Данные мне полномочия были очень широки: заводы и конюшни были от меня в полной зависимости, наконец, увольнение и назначение управляющих тоже шло через меня, и это встревожило весь коннозаводской муравейник губернии. «Товарищи» специалисты не замедлили создать общий фронт против меня. Я не сомневался в том, что главный удар будет направлен на Прилепы, а потому хорошо понимал, что здесь управляющим должен стать абсолютно преданный человек. И первым моим делом по возвращении в Тульскую губернию было назначение нового управляющего Прилепским госконезаводом. Кандидатов на эту интересную работу было более чем достаточно, но все они меня не удовлетворили, мне нужен был верный человек.
Таким человеком показался мне Александр Попов,[201] сын тульского мясника. Попов в то время не был, конечно, специалистом, а был весьма скромным любителем, и это назначение удивило всех. Лишь два-три человека из числа моих друзей понимали, что Попов – подставное лицо, а фактически всем распоряжаться буду я. Так началась карьера этого молодого человека.

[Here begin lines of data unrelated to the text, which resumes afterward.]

(* Let $X\subseteq\mathbb{N}$ be finite, $\omega^{n+1}$-large and exp-sparse, and let $c\in\mathbb{N}$ with $4^c\le\min X$. Then: (1) for any finite $W\subseteq\mathbb{N}$ with $|W|\le c$ and $\max W<\min X$, and any colouring $P:[W\cup X]^2\to2$, there exists an $\omega^n$-large $Y\subseteq X$ such that $P(w,y)=P(w,y')$ for all $w\in W$ and $y,y'\in Y$; (2) for any finite $W\subseteq\mathbb{N}$ with $|W|\le c$ and $\max X<\min W$, and any colouring $P:[X\cup W]^2\to2$, there exists an $\omega^n$-large $Y\subseteq X$ such that $P(y,w)=P(y',w)$ for all $w\in W$ and $y,y'\in Y$.
   Context: Ordinals below $\omega^\omega$ are in Cantor normal form; $\omega^j\cdot m$ = sum of $m$ copies of $\omega^j$. For $m\in\mathbb{N}$: $0[m]=0$, $(\beta+1)[m]=\beta$, $(\beta+\omega^{n})[m]=\beta+\omega^{n-1}\cdot m$ for $n\ge1$. A finite $X=\{x_0<\dots<x_{\ell-1}\}\subseteq\mathbb{N}$ is $\alpha$-large if $\alpha[x_0]\cdots[x_{\ell-1}]=0$. A set $X$ with $\min X\ge3$ is exp-sparse if $x<y$ in $X$ implies $4^x<y$. Pairs in $[Z]^2$ are written $(x,y)$ with $x<y$. *)

theory Defs
  imports Main
begin

text \<open>Ordinals below omega^omega in Cantor normal form, represented by the
  list of exponents [e1, ..., ek] (nonincreasing), standing for
  omega^e1 + ... + omega^ek.  The empty list is 0.\<close>

type_synonym cnf = "nat list"

definition cnf_ok :: "cnf \<Rightarrow> bool" where
  "cnf_ok a \<longleftrightarrow> sorted (rev a)"

definition omega_pow :: "nat \<Rightarrow> cnf" where
  "omega_pow n = [n]"

text \<open>Fundamental sequence: 0[m] = 0, (b+1)[m] = b,
  (b + omega^n)[m] = b + omega^(n-1) * m for n >= 1.\<close>
definition fs :: "cnf \<Rightarrow> nat \<Rightarrow> cnf" where
  "fs a m = (if a = [] then []
             else if last a = 0 then butlast a
             else butlast a @ replicate m (last a - 1))"

definition large :: "cnf \<Rightarrow> nat set \<Rightarrow> bool" where
  "large a X \<longleftrightarrow> finite X \<and> foldl fs a (sorted_list_of_set X) = []"

definition exp_sparse :: "nat set \<Rightarrow> bool" where
  "exp_sparse X \<longleftrightarrow> (\<forall>x\<in>X. 3 \<le> x) \<and> (\<forall>x\<in>X. \<forall>y\<in>X. x < y \<longrightarrow> 4 ^ x < y)"

end

theory Submission
  imports Defs "HOL-Library.Multiset_Order"
begin

(* Ordinals below omega^omega are represented by multisets of exponents, so that the ordinal
  order becomes the multiset order and the natural sum becomes multiset union. Two facts about
  fundamental sequences drive the argument: largeness of a set survives replacing alpha by
  alpha[s] for any s below the set, and the Bachmann property says that beta < alpha implies
  beta <= alpha[y] whenever all coefficients of beta are below y. Together they make largeness
  monotone in alpha, and this yields a pigeonhole principle on sparse sets: if the natural sum
  of alpha_1, ..., alpha_k is large on a set coloured with k colours, then some alpha_i is large
  on its colour class, because each element can be charged to the summand of its own colour.

  If X is omega^(n+1)-large with least element x0, then X - {x0} is (omega^n * x0)-large.
  Colour y by the set of all w in W with P(w,y) (resp. P(y,w)). There are at most
  2^c <= x0 colours, so X - {x0} is large for the natural sum of one omega^n per colour, and
  the pigeonhole principle yields an omega^n-large colour class. *)

lemma less_multiset_of_top_difference:
  fixes A B :: "'a::linorder multiset"
  assumes "count A w < count B w" and "\<And>z. w < z \<Longrightarrow> count A z = count B z"
  shows "A < B"
  unfolding less_multiset\<^sub>H\<^sub>O
proof (intro conjI allI impI)
  show "A \<noteq> B" using assms(1) by auto
next
  fix y assume "count B y < count A y"
  then have "y < w" using assms by (metis less_asym linorder_neqE)
  then show "\<exists>x>y. count A x < count B x" using assms(1) by blast
qed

Поповы – старинный торговый род в Туле. Знатными купцами первой гильдии, словом, богачами, никогда не были, но имели копейку и с давних времен вели торговлю в городе, однако не претендуя на роль, которую в свое время играли Добрынины или Платоновы. Старика Илью Васильевича Попова я хорошо знал, имел с ним дела до революции – это он по доверенности Добрыниной продал мне Прилепы, и с тех пор у нас сохранились добрые отношения. В первые годы после революции я помогал Поповым, чем мог, иногда заезжал к ним, одно время даже останавливался у них, считая их, и не без основания, преданными мне людьми. Вот почему на их сыне Александре я и остановил свой выбор, чем очень порадовал старика Попова, так как Александр был его любимцем. Другого сына, Владимира, он держал в черном теле. Подобное отношение к детям в купеческих семьях известной руки мне пришлось не раз наблюдать, и это меня всегда крайне удивляло.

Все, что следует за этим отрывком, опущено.